Your goal: Identify each line below containing the string "integer" and copy it.

++++ Record extracts ++++

lemma development_shrikhande_copy:
  assumes "i < k"
  shows "shrikhande_copy CARD('g) (development i t)"
  unfolding shrikhande_copy_def
proof (intro exI conjI)
  show "inj_on (\<lambda>v. enc (B i v + t)) shrikhande_vertices"
    using inj_on_block[OF assms] by (auto simp: inj_on_def)
  show "(\<lambda>v. enc (B i v + t)) ` shrikhande_vertices \<subseteq> {0..<CARD('g)}"
    using enc by (auto simp: bij_betw_def)
qed (simp add: development_def)

lemma development_subset_complete_edges:
  assumes "i < k"
  shows "development i t \<subseteq> complete_edges CARD('g)"
proof
  fix e assume "e \<in> development i t"
  then obtain u v where uv: "(u, v) \<in> shrikhande_arcs" "e = {enc (B i u + t), enc (B i v + t)}"
    unfolding mem_development by blast
  have "u \<noteq> v" "u \<in> shrikhande_vertices" "v \<in> shrikhande_vertices"
    using uv(1) shrikhande_adj_irrefl[of u] unfolding shrikhande_arcs_def by auto
  then have "B i u \<noteq> B i v"
    using inj_on_block[OF assms] by (auto dest: inj_onD)
  then show "e \<in> complete_edges CARD('g)"
    using uv(2) enc unfolding complete_edges_def by (auto simp: bij_betw_def)
qed

lemma complete_edges_covered:
  assumes "e \<in> complete_edges CARD('g)"
  shows "\<exists>i<k. \<exists>t. e \<in> development i t"
proof -
  obtain x y where e: "e = {x, y}" "x \<noteq> y" "x < CARD('g)" "y < CARD('g)"
    using assms unfolding complete_edges_def by (auto simp: card_2_iff)
  have inv_enc: "enc (inv enc x) = x" "enc (inv enc y) = y"
    using e(3,4) enc by (auto simp: bij_betw_def f_inv_into_f)
  then have "inv enc x \<noteq> inv enc y"
    using e(2) by metis
  then obtain i u v t where arc: "(i, u, v) \<in> {..<k} \<times> shrikhande_arcs"
    "B i u + t = inv enc x" "B i v + t = inv enc y"
    by (rule translated_arc_exists)
  then have "e = {enc (B i u + t), enc (B i v + t)}"
    using e(1) inv_enc by simp
  then have "e \<in> development i t"
    using arc(1) unfolding mem_development by blast
  then show ?thesis using arc(1) by blast
qed

lemma development_unique:
  assumes "i < k" "j < k" "e \<in> development i t" "e \<in> development j s"
  shows "i = j \<and> t = s"
proof -
  obtain u v where uv: "(u, v) \<in> shrikhande_arcs" "e = {enc (B i u + t), enc (B i v + t)}"
    using assms(3) unfolding mem_development by blast
  obtain u' v' where uv': "(u', v') \<in> shrikhande_arcs" "e = {enc (B j u' + s), enc (B j v' + s)}"
    using assms(4) unfolding mem_development by blast
  consider "B i u + t = B j u' + s" "B i v + t = B j v' + s"
    | "B i u + t = B j v' + s" "B i v + t = B j u' + s"
    using uv(2) uv'(2) by (auto simp: doubleton_eq_iff)
  then show ?thesis
  proof cases
    case 1
    then show ?thesis
      using translated_arc_unique[of i u v j u' v' t s] uv(1) uv'(1) assms(1,2) by simp
  next
    case 2
    then show ?thesis
      using translated_arc_unique[of i u v j v' u' t s] uv(1) shrikhande_arcs_swap[OF uv'(1)]
        assms(1,2) by simp
  qed
qed

lemma shrikhande_design_developments:
  "shrikhande_design CARD('g) (case_prod development ` ({..<k} \<times> UNIV))"
    (is "shrikhande_design _ ?D")
  unfolding shrikhande_design_def
proof (intro conjI)
  show "\<forall>H\<in>?D. shrikhande_copy CARD('g) H"
    using development_shrikhande_copy by auto
  show "\<forall>H1\<in>?D. \<forall>H2\<in>?D. H1 \<noteq> H2 \<longrightarrow> H1 \<inter> H2 = {}"
    using development_unique by blast
  show "\<Union> ?D = complete_edges CARD('g)"
  proof
    show "\<Union> ?D \<subseteq> complete_edges CARD('g)"
      using development_subset_complete_edges by auto
    show "complete_edges CARD('g) \<subseteq> \<Union> ?D"
      using complete_edges_covered by blast
  qed
qed

lemma inj_on_developments: "inj_on (case_prod development) ({..<k} \<times> UNIV)"
proof (rule inj_onI, clarsimp)
  fix i t j s assume "i < k" "j < k" "development i t = development j s"
  moreover have "development i t \<noteq> {}"
    using card_shrikhande_arcs by (auto simp: development_eq)
  ultimately show "i = j \<and> t = s" using development_unique by blast
qed

end

end

lemma shrikhande_design_from_difference_family:
  fixes B :: "nat \<Rightarrow> int \<times> int \<Rightarrow> 'g::{group_add, finite}"
  assumes "shrikhande_difference_family k B"
  shows "\<exists>D. shrikhande_design CARD('g) D \<and> finite D \<and> card D = CARD('g) * (CARD('g) - 1) div 96"
proof -
  obtain enc :: "'g \<Rightarrow> nat" where enc: "bij_betw enc UNIV {0..<CARD('g)}"
    using ex_bij_betw_finite_nat[of "UNIV :: 'g set"] by auto
  let ?D = "case_prod (development B enc) ` ({..<k} \<times> UNIV)"
  have "card ?D = k * CARD('g)"
    using card_image[OF inj_on_developments[OF assms enc]] by (simp add: card_cartesian_product)
  also have "\<dots> = CARD('g) * (CARD('g) - 1) div 96"
    using card_group[OF assms] by simp
  finally have "card ?D = CARD('g) * (CARD('g) - 1) div 96" .
  moreover have "finite ?D" by simp
  ultimately show ?thesis
    using shrikhande_design_developments[OF assms enc] by blast
qed

lemma bij_betw_if_sort_map_eq:
  assumes "distinct xs" "sort (map f xs) = ys" "distinct ys"
  shows "bij_betw f (set xs) (set ys)"
proof -
  have "distinct (map f xs)" "set (map f xs) = set ys"
    using assms(2,3) by (metis distinct_sort set_sort)+
  then show ?thesis
    using assms(1) by (simp add: bij_betw_def distinct_map)
qed

lemma bij_betw_nonzero:
  fixes f :: "'a::zero \<Rightarrow> int"
  assumes "bij_betw f UNIV {0..<N}" "f 0 = 0"
  shows "bij_betw f (UNIV - {0}) {1..N - 1}"
proof -
  have "0 \<in> {0..<N}"
    using bij_betw_apply[OF assms(1) UNIV_I, of 0] assms(2) by simp
  then have "bij_betw f (UNIV - {0}) ({0..<N} - {0})"
    using bij_betw_DiffI[OF assms(1), of "{0}" "{0}"] assms(2) by blast
  moreover have "{0..<N} - {0} = {1..N - 1}" by auto
  ultimately show ?thesis by simp
qed

text \<open>The encoding \<open>enc\<close> is integer-valued because \<open>code_simp\<close> compares and sorts
  integer numerals much faster than natural ones.\<close>

lemma shrikhande_difference_family_by_enumeration:
  fixes B :: "nat \<Rightarrow> int \<times> int \<Rightarrow> 'g::group_add" and enc :: "'g \<Rightarrow> int"
  assumes enc: "bij_betw enc UNIV {0..<N}" "enc 0 = 0"
    and blocks: "\<forall>i<k. distinct (map (\<lambda>v. enc (B i v)) shrikhande_vertex_list)"
    and differences: "sort (map (\<lambda>(i, u, v). enc (B i v - B i u))
      (List.product [0..<k] shrikhande_arc_list)) = [1..N - 1]"
  shows "shrikhande_difference_family k B"
  unfolding shrikhande_difference_family_def
proof (intro conjI allI impI)
  fix i assume "i < k"
  then have "inj_on (enc \<circ> B i) shrikhande_vertices"
    using blocks by (simp add: distinct_map set_shrikhande_vertex_list comp_def)
  then show "inj_on (B i) shrikhande_vertices"
    by (rule inj_on_imageI2)
next
  let ?\<delta> = "\<lambda>(i, u, v). B i v - B i u"
  have "enc \<circ> ?\<delta> = (\<lambda>(i, u, v). enc (B i v - B i u))"
    by (auto simp: fun_eq_iff)
  moreover have "distinct (List.product [0..<k] shrikhande_arc_list)"
    by (simp add: distinct_product distinct_shrikhande_arc_list)
  ultimately have enc_\<delta>: "bij_betw (enc \<circ> ?\<delta>) ({..<k} \<times> shrikhande_arcs) {1..N - 1}"
    using bij_betw_if_sort_map_eq[OF _ differences distinct_upto]
    by (simp add: set_shrikhande_arc_list lessThan_atLeast0)
  have "?\<delta> x \<noteq> 0" if "x \<in> {..<k} \<times> shrikhande_arcs" for x
  proof
    assume "?\<delta> x = 0"
    then have "(enc \<circ> ?\<delta>) x = 0" using enc(2) by simp
    moreover have "(enc \<circ> ?\<delta>) x \<in> {1..N - 1}"
      using bij_betw_apply[OF enc_\<delta> that] .
    ultimately show False by simp
  qed
  then have "?\<delta> ` ({..<k} \<times> shrikhande_arcs) \<subseteq> UNIV - {0}"
    by auto
  from bij_betw_comp_iff2[OF bij_betw_nonzero[OF enc] this] enc_\<delta>
  show "bij_betw ?\<delta> ({..<k} \<times> shrikhande_arcs) (UNIV - {0})"
    by (rule iffD2)
qed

++++

Answer space:
text \<open>The encoding \<open>enc\<close> is integer-valued because \<open>code_simp\<close> compares and sorts
  integer numerals much faster than natural ones.\<close>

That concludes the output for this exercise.